L’opération est surprenante, mais le constat, en règle générale, est le suivant : « Le PER est intéressant si vous ne sortez pas, et cela va donc à l’encontre de la loi Pacte, selon Christèle Biganzoli. L’esprit de la loi est perverti, parce que le vrai intérêt du PER, c’est la transmission. » Aucun interlocuteur n’a su nous dire sur quel fondement le fisc pourrait remettre en question le montage. Même si l’administration considérait qu’il y a eu abus de droit, il est peu probable que la déduction des entrées soit réclamée. Le ministère de l’Economie et des Finances, auquel nous avons explicitement posé la question du risque encouru, ne trouve rien à redire à l’emploi d’un PER pour la transmission : « Le régime fiscal prévu pour le PER a été défini lors du vote de la loi Pacte. Le gouvernement est attaché à la stabilité juridique pour favoriser le déploiement de ce nouveau produit d’épargne retraite. Il n’est pas prévu à ce jour de modifier les règles en vigueur. » Il n’est pas sûr, cependant, que les choses restent telles quelles après l’élection présidentielle.

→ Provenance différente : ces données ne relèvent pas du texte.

lemma bij_betw_restrict_permutes_Bij: "bij_betw (\<lambda>p. restrict p S) {p. p permutes S} (Bij S)"
proof (rule bij_betw_byWitness[where f' = "\<lambda>\<sigma>. restrict_id \<sigma> S"])
  show "\<forall>p\<in>{p. p permutes S}. restrict_id (restrict p S) S = p"
    by (auto simp: fun_eq_iff restrict_id_def permutes_not_in)
  show "\<forall>\<sigma>\<in>Bij S. restrict (restrict_id \<sigma> S) S = \<sigma>"
    by (auto simp: fun_eq_iff Bij_def extensional_def)
  show "(\<lambda>p. restrict p S) ` {p. p permutes S} \<subseteq> Bij S"
    by (auto simp: Bij_def permutes_imp_bij cong: bij_betw_cong)
  show "(\<lambda>\<sigma>. restrict_id \<sigma> S) ` Bij S \<subseteq> {p. p permutes S}"
    by (auto simp: Bij_def intro: permutes_restrict_id)
qed

lemma sym_group_iso_BijGroup:
  assumes "finite S"
  shows "sym_group (card S) \<cong> BijGroup S"
proof -
  define I where "I = {1..card S}"
  obtain e where e: "bij_betw e I S"
    using ex_bij_betw_nat_finite_1[OF assms] unfolding I_def by blast
  define h where "h = (\<lambda>p. restrict p S) \<circ> map_permutation I e"
  have "map_permutation I e = (\<lambda>p x. if x \<in> S then e (p (inv_into I e x)) else x)"
    using bij_betw_imp_surj_on[OF e] by (simp add: fun_eq_iff map_permutation_def restrict_id_def)
  then have "bij_betw (map_permutation I e) {p. p permutes I} {p. p permutes S}"
    using bij_betw_permutations[OF e] by simp
  then have h_bij: "bij_betw h {p. p permutes I} (Bij S)"
    unfolding h_def by (rule bij_betw_trans[OF _ bij_betw_restrict_permutes_Bij])
  then have h_in: "h p \<in> Bij S" if "p permutes I" for p
    using that by (auto dest: bij_betw_apply)
  have "h \<in> hom (sym_group (card S)) (BijGroup S)"
  proof (rule homI)
    fix p assume "p \<in> carrier (sym_group (card S))"
    then show "h p \<in> carrier (BijGroup S)"
      using h_in by (simp add: sym_group_carrier I_def)
  next
    fix p q assume "p \<in> carrier (sym_group (card S))" "q \<in> carrier (sym_group (card S))"
    then have pq: "p permutes I" "q permutes I"
      by (simp_all add: sym_group_carrier I_def)
    have "h (p \<circ> q) = compose S (h p) (h q)"
      using map_permutation_compose'[OF bij_betw_imp_inj_on[OF e] pq(2)]
        permutes_in_image[OF map_permutation_permutes[OF e pq(2)]]
      by (auto simp: h_def compose_def fun_eq_iff)
    then show "h (p \<otimes>\<^bsub>sym_group (card S)\<^esub> q) = h p \<otimes>\<^bsub>BijGroup S\<^esub> h q"
      using h_in pq by (simp add: sym_group_mult mult_BijGroup)
  qed
  moreover have "bij_betw h (carrier (sym_group (card S))) (carrier (BijGroup S))"
    using h_bij by (simp add: sym_group_def I_def)
  ultimately show ?thesis
    unfolding is_iso_def iso_def by blast
qed
(* In the infinite-color urn model with parameters $\ell,s$ and initial cumulative counts $m_1,\dots,m_s$, let $k\ge s$, $p=k-s+1$, and $n\ge \ell p$. Then $$M_k(n)\sim \mathrm{Pimm}_\ell\big(1,\;m_s+\ell p+(k-s),\;n-\ell p\big).$$ Furthermore, conditionally on $M_{k+1}(n)$, $$M_k(n)\sim\begin{cases}\mathrm{Pclas}\big(m_{k+1}-m_k,\;m_k,\;M_{k+1}(n)-m_{k+1}\big)&\text{if }1\le k<s,\\ \mathrm{Pclas}\big(1,\;m_s+\ell p+(k-s),\;M_{k+1}(n)-m_s-(\ell+1)p\big)&\text{if }k\ge s\ (\text{and } n\ge\ell p).\end{cases}$$
   Context: Infinite-color urn model: at time $0$ the urn contains balls of colors $1,\dots,s$ (at least one of each). Fix an integer $\ell\ge1$. At the $n$th step a ball is drawn uniformly at random and returned with one additional ball of the same color; if $n$ is a multiple of $\ell$, one ball of the new color $s+n/\ell$ is added after the $n$th draw. $M_k(n)$ is the number of balls with colors in $\{1,\dots,k\}$ after step $n$ is completed, and $m_k=M_k(0)$ (with $m_1\ge1$, $m_{k+1}-m_k\ge1$ for $k<s$). $\mathrm{Pclas}(b,w,m)$ denotes the distribution of the number of white balls in a classical Pólya urn (draw a uniformly random ball, return it with one more of the same color) after $m$ draws, starting with $b$ black and $w$ white balls. $\mathrm{Pimm}_\ell(b,w,m)$ denotes the distribution of the number of white balls after $m$ steps of the following urn started with $b$ black and $w$ white balls: at step $j$ a uniformly random ball is drawn and returned with one more of the same color, and if $j$ is a multiple of $\ell$ a black ball is added after this draw. *)

theory Defs
  imports "HOL-Probability.Probability"
begin

(* ---------- Infinite-color urn ----------
   A state is a list of counts: entry i (0-based) is the number of balls of colour i+1. *)

definition balls_mset :: "nat list \<Rightarrow> nat multiset" where
  "balls_mset xs = (\<Sum>i<length xs. replicate_mset (xs ! i) i)"

definition urn_step :: "nat \<Rightarrow> nat \<Rightarrow> nat list \<Rightarrow> nat list pmf" where
  "urn_step l n xs =
     map_pmf (\<lambda>i. let ys = xs[i := xs ! i + 1] in if l dvd n then ys @ [1] else ys)
             (pmf_of_multiset (balls_mset xs))"

fun urn :: "nat \<Rightarrow> nat list \<Rightarrow> nat \<Rightarrow> nat list pmf" where
  "urn l c0 0 = return_pmf c0"
| "urn l c0 (Suc n) = bind_pmf (urn l c0 n) (urn_step l (Suc n))"

definition Mk :: "nat \<Rightarrow> nat list \<Rightarrow> nat" where
  "Mk k xs = sum_list (take k xs)"

definition mcum :: "nat list \<Rightarrow> nat \<Rightarrow> nat" where
  "mcum c0 k = sum_list (take k c0)"

(* ---------- Two-colour urns ----------
   state (b, w) = (black, white); imm j says whether a black ball is added after step j *)
definition two_step :: "(nat \<Rightarrow> bool) \<Rightarrow> nat \<Rightarrow> nat \<times> nat \<Rightarrow> (nat \<times> nat) pmf" where
  "two_step imm j bw =
     map_pmf (\<lambda>white. let (b, w) = bw;
                           (b', w') = (if white then (b, w + 1) else (b + 1, w))
                       in if imm j then (b' + 1, w') else (b', w'))
             (pmf_of_multiset (replicate_mset (fst bw) False + replicate_mset (snd bw) True))"

fun two_urn :: "(nat \<Rightarrow> bool) \<Rightarrow> nat \<Rightarrow> nat \<Rightarrow> nat \<Rightarrow> (nat \<times> nat) pmf" where
  "two_urn imm b w 0 = return_pmf (b, w)"
| "two_urn imm b w (Suc m) = bind_pmf (two_urn imm b w m) (two_step imm (Suc m))"

definition Pclas :: "nat \<Rightarrow> nat \<Rightarrow> nat \<Rightarrow> nat pmf" where
  "Pclas b w m = map_pmf snd (two_urn (\<lambda>_. False) b w m)"

definition Pimm :: "nat \<Rightarrow> nat \<Rightarrow> nat \<Rightarrow> nat \<Rightarrow> nat pmf" where
  "Pimm l b w m = map_pmf snd (two_urn (\<lambda>j. l dvd j) b w m)"

(* "conditionally on X, Y has law D(X)": the joint law of (X,Y) is X's law followed by D *)
definition cond_law :: "'a pmf \<Rightarrow> ('a \<Rightarrow> 'b) \<Rightarrow> ('a \<Rightarrow> 'c) \<Rightarrow> ('b \<Rightarrow> 'c pmf) \<Rightarrow> bool" where
  "cond_law P X Y D \<longleftrightarrow>
     map_pmf (\<lambda>\<omega>. (X \<omega>, Y \<omega>)) P = bind_pmf (map_pmf X P) (\<lambda>x. map_pmf (Pair x) (D x))"
lemma prox_objective_has_minimiser:
  fixes h :: "'a::euclidean_space \<Rightarrow> ereal"
  assumes pr: "proper_fun h" and cl: "closed_fun h" and cv: "convex_fun h" and t: "0 < t"
  obtains p where "\<And>z. prox_objective t h y p \<le> prox_objective t h y z"
proof -
  obtain a b where minorant: "\<And>z. ereal (a \<bullet> z + b) \<le> h z"
    using proper_closed_convex_affine_minorant[OF pr cl cv] by blast
  obtain y0 r0 where r0: "h y0 = ereal r0" using proper_funD[OF pr] by blast
  define \<Phi> where "\<Phi> w = snd w + norm (fst w - y)^2 / (2 * t)" for w :: "'a \<times> real"
  define K where "K = epigraph h \<inter> {w. \<Phi> w \<le> \<Phi> (y0, r0)}"
  have cont: "continuous_on UNIV \<Phi>" unfolding \<Phi>_def using t by (intro continuous_intros) auto
  have "closed K"
    unfolding K_def using cl cont unfolding closed_fun_def
    by (intro closed_Int closed_Collect_le) (auto intro: continuous_intros)
  moreover have "bounded K"
    unfolding K_def \<Phi>_def by (rule bounded_epigraph_quadratic_sublevel[OF minorant t])
  moreover have "(y0, r0) \<in> K" using r0 by (simp add: K_def epigraph_def)
  \<comment> \<open>minimising \<open>\<Phi>\<close> over the compact set \<open>K\<close> replaces lower semicontinuity of \<open>h\<close>\<close>
  ultimately obtain w where "w \<in> K" and w_min: "\<And>w'. w' \<in> K \<Longrightarrow> \<Phi> w \<le> \<Phi> w'"
    using continuous_attains_inf[of K \<Phi>] continuous_on_subset[OF cont]
    by (metis compact_eq_bounded_closed empty_iff subset_UNIV)
  obtain p rp where w: "w = (p, rp)" by (cases w)
  have "h p \<le> ereal rp" using \<open>w \<in> K\<close> w by (simp add: K_def epigraph_def)
  then have "prox_objective t h y p \<le> ereal (\<Phi> w)"
    unfolding prox_objective_def \<Phi>_def w by (metis add_right_mono plus_ereal.simps(1) fst_conv snd_conv)
  moreover have "\<Phi> w \<le> \<Phi> (z, r)" if "h z = ereal r" for z r
  proof (cases "\<Phi> (z, r) \<le> \<Phi> (y0, r0)")
    case True
    then show ?thesis using that by (intro w_min) (simp add: K_def epigraph_def)
  next
    case False
    then show ?thesis using w_min[OF \<open>(y0, r0) \<in> K\<close>] by linarith
  qed
  ultimately have "prox_objective t h y p \<le> prox_objective t h y z" for z
    by (cases "h z") (auto simp: prox_objective_def \<Phi>_def proper_funD[OF pr] intro: order_trans)
  then show ?thesis by (rule that)
qed

lemma prox_minimiser_finite:
  assumes pr: "proper_fun h" and p: "\<And>z. prox_objective t h y p \<le> prox_objective t h y z"
  obtains hp where "h p = ereal hp"
proof -
  obtain y0 r0 where "h y0 = ereal r0" using proper_funD[OF pr] by blast
  then have "prox_objective t h y p \<le> ereal (r0 + norm (y0 - y)^2 / (2 * t))"
    using p[of y0] by (simp add: prox_objective_def)
  then have "h p \<noteq> \<infinity>" by (auto simp: prox_objective_def)
  then show ?thesis using that proper_funD[OF pr] by (cases "h p") auto
qed
lemma weak_conv_R2_return_pmfI:
  fixes \<mu> :: "nat \<Rightarrow> (real \<times> real) pmf" and a :: "real \<times> real"
  assumes concentrated: "\<And>r. r > 0 \<Longrightarrow> (\<lambda>n. measure_pmf.prob (\<mu> n) {z. r \<le> dist z a}) \<longlonglongrightarrow> 0"
  shows "weak_conv_R2 (\<lambda>n. measure_pmf (\<mu> n)) (measure_pmf (return_pmf a))"
  unfolding weak_conv_R2_def
proof (intro allI impI)
  fix f :: "real \<times> real \<Rightarrow> real"
  assume "continuous_on UNIV f \<and> bounded (range f)"
  then obtain B where B: "\<And>z. \<bar>f z\<bar> \<le> B" and cont: "isCont f a"
    by (auto simp: bounded_iff continuous_on_eq_continuous_at simp del: split_paired_All)
  have "B \<ge> 0" using B[of a] by simp
  have return: "integral\<^sup>L (return_pmf a) f = f a"
    by (subst integral_measure_pmf[of "{a}"]) auto
  show "(\<lambda>n. integral\<^sup>L (\<mu> n) f) \<longlonglongrightarrow> integral\<^sup>L (return_pmf a) f"
    unfolding return tendsto_iff dist_real_def
  proof (intro allI impI)
    fix \<eta> :: real assume "\<eta> > 0"
    then obtain d where "d > 0" and d: "\<And>z. dist z a < d \<Longrightarrow> \<bar>f z - f a\<bar> < \<eta> / 2"
      using cont unfolding continuous_at_eps_delta dist_real_def by (metis half_gt_zero)
    have "\<eta> / (2 * (2 * B + 1)) > 0" using \<open>\<eta> > 0\<close> \<open>B \<ge> 0\<close> by simp
    with concentrated[OF \<open>d > 0\<close>]
    have "\<forall>\<^sub>F n in sequentially. measure_pmf.prob (\<mu> n) {z. d \<le> dist z a} < \<eta> / (2 * (2 * B + 1))"
      by (rule order_tendstoD(2))
    then show "\<forall>\<^sub>F n in sequentially. \<bar>integral\<^sup>L (\<mu> n) f - f a\<bar> < \<eta>"
    proof eventually_elim
      case (elim n)
      have "\<bar>integral\<^sup>L (\<mu> n) f - f a\<bar> \<le> \<eta> / 2 + 2 * B * measure_pmf.prob (\<mu> n) {z. d \<le> dist z a}"
        using B d \<open>\<eta> > 0\<close> by (intro abs_integral_diff_le_prob_far) (auto intro: less_imp_le)
      also have "\<dots> \<le> \<eta> / 2 + 2 * B * (\<eta> / (2 * (2 * B + 1)))"
        using elim \<open>B \<ge> 0\<close> by (intro add_left_mono mult_left_mono) auto
      also have "\<dots> < \<eta>"
        using \<open>\<eta> > 0\<close> \<open>B \<ge> 0\<close> by (simp add: field_simps)
      finally show ?case .
    qed
  qed
qed
text \<open>A point c \<noteq> true classifies the pointless subobject U \<rightarrow> T; any other point
  d \<noteq> true has only pointless cones over (d, true), so it classifies U as well.\<close>

lemma classifier_points_eq_if_neq_true:
  assumes C: "category C" and W: "well_pointed C" and L: "has_finite_limits C"
    and sc: "is_subobject_classifier C T Om t"
    and c: "c \<in> hom C T Om" and d: "d \<in> hom C T Om" and ct: "c \<noteq> t" and dt: "d \<noteq> t"
  shows "c = d"
proof -
  have T: "is_terminal C T" and t: "t \<in> hom C T Om"
    using sc unfolding is_subobject_classifier_def by auto
  obtain U m v where pb: "is_pullback C c t U m v"
    using L hom_memD[OF c] hom_memD[OF t] unfolding has_finite_limits_def by force
  have m: "m \<in> hom C U T" and v: "v \<in> hom C U T" and sq: "cmp C c m = cmp C t v"
    using pb hom_memD[OF c] hom_memD[OF t] unfolding is_pullback_def by auto
  have factor: "\<And>Z p' q'. p' \<in> hom C Z T \<Longrightarrow> q' \<in> hom C Z T \<Longrightarrow> cmp C c p' = cmp C t q' \<Longrightarrow>
      \<exists>!h. h \<in> hom C Z U \<and> cmp C m h = p' \<and> cmp C v h = q'"
    using pb hom_memD[OF c] hom_memD[OF t] unfolding is_pullback_def by simp
  have U0: "hom C T U = {}"
    using pointless_if_cone_over_distinct_points[OF C T c t ct m v sq] .
  have "is_pullback C d t U m v"
    unfolding is_pullback_def
  proof (intro conjI allI impI)
    show "d \<in> arr C" "t \<in> arr C" "ccod C d = ccod C t" "m \<in> hom C U (cdom C d)"
      "v \<in> hom C U (cdom C t)"
      using hom_memD[OF d] hom_memD[OF t] m v by auto
    show "cmp C d m = cmp C t v"
      using well_pointed_arrows_from_pointless_eq[OF W T U0 cmp_in_hom[OF C m d] cmp_in_hom[OF C v t]] .
    fix Z p' q'
    assume cone: "p' \<in> hom C Z (cdom C d) \<and> q' \<in> hom C Z (cdom C t) \<and> cmp C d p' = cmp C t q'"
    then have p': "p' \<in> hom C Z T" and q': "q' \<in> hom C Z T"
      using hom_memD[OF d] hom_memD[OF t] by auto
    have "hom C T Z = {}"
      using pointless_if_cone_over_distinct_points[OF C T d t dt p' q'] cone by simp
    then have "cmp C c p' = cmp C t q'"
      using well_pointed_arrows_from_pointless_eq[OF W T _ cmp_in_hom[OF C p' c] cmp_in_hom[OF C q' t]]
      by blast
    then show "\<exists>!h. h \<in> hom C Z U \<and> cmp C m h = p' \<and> cmp C v h = q'"
      by (rule factor[OF p' q'])
  qed
  with classifier_classifies[OF sc mono_from_pointless[OF C W T U0 m] m] show ?thesis using pb c d by blast
qed
(* Let $\mathbb{C}$ be a category with pullbacks, $\mathrm{I}$ a set, and $\mathscr{U}=(U,(U_i,\iota_i)_{i\in\mathrm{I}})$ a sink in $\mathbb{C}$. Let $\mathbf{G}:\mathbb{S}_2(\mathrm{I})^{op}\to\mathbb{C}$ be a functor with $\mathbf{G}(i)=U_i$ for all $i\in\mathrm{I}$, and suppose $\mathbf{G}$ has a colimit cocone $(U,(\lambda_x)_{x\in\mathbb{S}_2(\mathrm{I})})$ with $\lambda_i=\iota_i$ for all $i\in\mathrm{I}$. Then $(U,(\mu_x)_{x})$, where $\mu_i:=\iota_i$ and $\mu_{(i,j)}:=\iota_i\circ\mathrm{pr}_1:U_i\times_UU_j\to U$, is a colimit cocone of the canonical functor $\mathbf{D}_{\mathscr{U}}:\mathbb{S}_2(\mathrm{I})^{op}\to\mathbb{C}$ associated with $\mathscr{U}$.
   Context: A sink to $U$ in $\mathbb{C}$ is a family of morphisms $\iota_i:U_i\to U$, $i\in\mathrm{I}$. For a set $\mathrm{I}$, $\mathbb{S}_2(\mathrm{I})$ (the split truncated power set category of order 2) is the category whose objects are the elements $i\in\mathrm{I}$ and the ordered pairs $(i,j)\in\mathrm{I}^2$, generated by morphisms $\mathfrak{i}^s_{i,j}:i\to(i,j)$ for all $i,j\in\mathrm{I}$ (including $i=j$) and isomorphisms $\tau_{i,j}:(i,j)\to(j,i)$ with $\tau_{i,j}^{-1}=\tau_{j,i}$ (with $\tau_{i,i}$ a non-identity involution), with no further relations; thus the non-identity morphisms are the $\tau_{i,j}$, the $\mathfrak{i}^s_{i,j}$, and the composites $\tau_{i,j}\circ\mathfrak{i}^s_{i,j}:i\to(j,i)$. For a functor $\mathbf{G}:\mathbb{S}_2(\mathrm{I})^{op}\to\mathbb{C}$, a cocone with apex $L$ is a family $\lambda_x:\mathbf{G}(x)\to L$ with $\lambda_x\circ\mathbf{G}(f)=\lambda_y$ for every $f:x\to y$ in $\mathbb{S}_2(\mathrm{I})$. The canonical functor $\mathbf{D}_{\mathscr{U}}:\mathbb{S}_2(\mathrm{I})^{op}\to\mathbb{C}$ is given by $\mathbf{D}_{\mathscr{U}}(i)=U_i$, $\mathbf{D}_{\mathscr{U}}((i,j))=U_i\times_UU_j$ (pullback of $\iota_i,\iota_j$), $\mathbf{D}_{\mathscr{U}}(\mathfrak{i}^s_{i,j})=\mathrm{pr}_1:U_i\times_UU_j\to U_i$, and $\mathbf{D}_{\mathscr{U}}(\tau_{i,j}):U_j\times_UU_i\to U_i\times_UU_j$ the canonical swap isomorphism. *)

theory Defs
  imports Main
begin

record ('o, 'a) cat =
  Obj :: "'o set"
  Arr :: "'a set"
  Dom :: "'a \<Rightarrow> 'o"
  Cod :: "'a \<Rightarrow> 'o"
  Comp :: "'a \<Rightarrow> 'a \<Rightarrow> 'a"   (* Comp C g f = g \<circ> f *)
  Ident :: "'o \<Rightarrow> 'a"

definition hom :: "('o, 'a) cat \<Rightarrow> 'o \<Rightarrow> 'o \<Rightarrow> 'a set" where
  "hom C x y = {f \<in> Arr C. Dom C f = x \<and> Cod C f = y}"

definition category :: "('o, 'a) cat \<Rightarrow> bool" where
  "category C \<longleftrightarrow>
     (\<forall>f\<in>Arr C. Dom C f \<in> Obj C \<and> Cod C f \<in> Obj C) \<and>
     (\<forall>x\<in>Obj C. Ident C x \<in> hom C x x) \<and>
     (\<forall>f\<in>Arr C. \<forall>g\<in>Arr C. Cod C f = Dom C g \<longrightarrow> Comp C g f \<in> hom C (Dom C f) (Cod C g)) \<and>
     (\<forall>f\<in>Arr C. Comp C (Ident C (Cod C f)) f = f \<and> Comp C f (Ident C (Dom C f)) = f) \<and>
     (\<forall>f\<in>Arr C. \<forall>g\<in>Arr C. \<forall>h\<in>Arr C. Cod C f = Dom C g \<longrightarrow> Cod C g = Dom C h \<longrightarrow>
         Comp C h (Comp C g f) = Comp C (Comp C h g) f)"

definition op_cat :: "('o, 'a) cat \<Rightarrow> ('o, 'a) cat" where
  "op_cat C = C\<lparr>Dom := Cod C, Cod := Dom C, Comp := (\<lambda>g f. Comp C f g)\<rparr>"

definition is_pullback :: "('o, 'a) cat \<Rightarrow> 'a \<Rightarrow> 'a \<Rightarrow> 'o \<Rightarrow> 'a \<Rightarrow> 'a \<Rightarrow> bool" where
  "is_pullback C f g P p q \<longleftrightarrow>
     f \<in> Arr C \<and> g \<in> Arr C \<and> Cod C f = Cod C g \<and> P \<in> Obj C \<and>
     p \<in> hom C P (Dom C f) \<and> q \<in> hom C P (Dom C g) \<and>
     Comp C f p = Comp C g q \<and>
     (\<forall>Q a b. a \<in> hom C Q (Dom C f) \<and> b \<in> hom C Q (Dom C g) \<and> Comp C f a = Comp C g b \<longrightarrow>
        (\<exists>!h. h \<in> hom C Q P \<and> Comp C p h = a \<and> Comp C q h = b))"

definition has_pullbacks :: "('o, 'a) cat \<Rightarrow> bool" where
  "has_pullbacks C \<longleftrightarrow>
     (\<forall>f\<in>Arr C. \<forall>g\<in>Arr C. Cod C f = Cod C g \<longrightarrow> (\<exists>P p q. is_pullback C f g P p q))"

definition is_functor :: "('p, 'b) cat \<Rightarrow> ('o, 'a) cat \<Rightarrow> ('p \<Rightarrow> 'o) \<Rightarrow> ('b \<Rightarrow> 'a) \<Rightarrow> bool" where
  "is_functor J C Fo Fa \<longleftrightarrow>
     (\<forall>x\<in>Obj J. Fo x \<in> Obj C) \<and>
     (\<forall>f\<in>Arr J. Fa f \<in> hom C (Fo (Dom J f)) (Fo (Cod J f))) \<and>
     (\<forall>x\<in>Obj J. Fa (Ident J x) = Ident C (Fo x)) \<and>
     (\<forall>f\<in>Arr J. \<forall>g\<in>Arr J. Cod J f = Dom J g \<longrightarrow> Fa (Comp J g f) = Comp C (Fa g) (Fa f))"

definition is_cocone :: "('p, 'b) cat \<Rightarrow> ('o, 'a) cat \<Rightarrow> ('p \<Rightarrow> 'o) \<Rightarrow> ('b \<Rightarrow> 'a) \<Rightarrow> 'o \<Rightarrow> ('p \<Rightarrow> 'a) \<Rightarrow> bool" where
  "is_cocone J C Fo Fa L lam \<longleftrightarrow>
     L \<in> Obj C \<and>
     (\<forall>x\<in>Obj J. lam x \<in> hom C (Fo x) L) \<and>
     (\<forall>f\<in>Arr J. Comp C (lam (Cod J f)) (Fa f) = lam (Dom J f))"

definition is_colimit_cocone :: "('p, 'b) cat \<Rightarrow> ('o, 'a) cat \<Rightarrow> ('p \<Rightarrow> 'o) \<Rightarrow> ('b \<Rightarrow> 'a) \<Rightarrow> 'o \<Rightarrow> ('p \<Rightarrow> 'a) \<Rightarrow> bool" where
  "is_colimit_cocone J C Fo Fa L lam \<longleftrightarrow>
     is_cocone J C Fo Fa L lam \<and>
     (\<forall>L' mu. is_cocone J C Fo Fa L' mu \<longrightarrow>
        (\<exists>!u. u \<in> hom C L L' \<and> (\<forall>x\<in>Obj J. Comp C u (lam x) = mu x)))"

datatype 'i s2obj = Sing 'i | Pr 'i 'i

text \<open>Arrows: identities, \<open>SIncl i j = i^s_{i,j} : i \<rightarrow> (i,j)\<close>, \<open>STau i j = \<tau>_{i,j} : (i,j) \<rightarrow> (j,i)\<close>,
  and \<open>STauIncl i j = \<tau>_{i,j} \<circ> i^s_{i,j} : i \<rightarrow> (j,i)\<close>.\<close>
datatype 'i s2arr = SId "'i s2obj" | SIncl 'i 'i | STau 'i 'i | STauIncl 'i 'i

fun s2dom :: "'i s2arr \<Rightarrow> 'i s2obj" where
  "s2dom (SId x) = x"
| "s2dom (SIncl i j) = Sing i"
| "s2dom (STau i j) = Pr i j"
| "s2dom (STauIncl i j) = Sing i"

fun s2cod :: "'i s2arr \<Rightarrow> 'i s2obj" where
  "s2cod (SId x) = x"
| "s2cod (SIncl i j) = Pr i j"
| "s2cod (STau i j) = Pr j i"
| "s2cod (STauIncl i j) = Pr j i"

text \<open>Composition \<open>s2comp g f = g \<circ> f\<close> (only meaningful when \<open>s2cod f = s2dom g\<close>).\<close>
fun s2comp :: "'i s2arr \<Rightarrow> 'i s2arr \<Rightarrow> 'i s2arr" where
  "s2comp g (SId x) = g"
| "s2comp (SId x) f = f"
| "s2comp (STau a b) (STau i j) = SId (Pr i j)"
| "s2comp (STau a b) (SIncl i j) = STauIncl i j"
| "s2comp (STau a b) (STauIncl i j) = SIncl i j"
| "s2comp g f = undefined"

Recourir à un PER dans un objectif successoral est clairement avantageux en l’état actuel du droit grâce au levier de la déductibilité et à des abattements qui ressemblent, malgré tout, fortement à ceux de l’assurancevie. Mais il se pourrait que la réglementation évolue. Dans le pire des cas, les déductions des versements de l’impôt sur le revenu ne seront certainement pas remises en cause. Par ailleurs, les sommes restent distinctes de la réserve héréditaire et permettent donc de gonfler le capital que l’on souhaite offrir à un membre de sa famille, en particulier le conjoint. L’assurancevie, de son côté, demeure l’outil de transmission par excellence. Il conviendra d’allier les deux enveloppes pour garantir les meilleures conditions à ses bénéficiaires.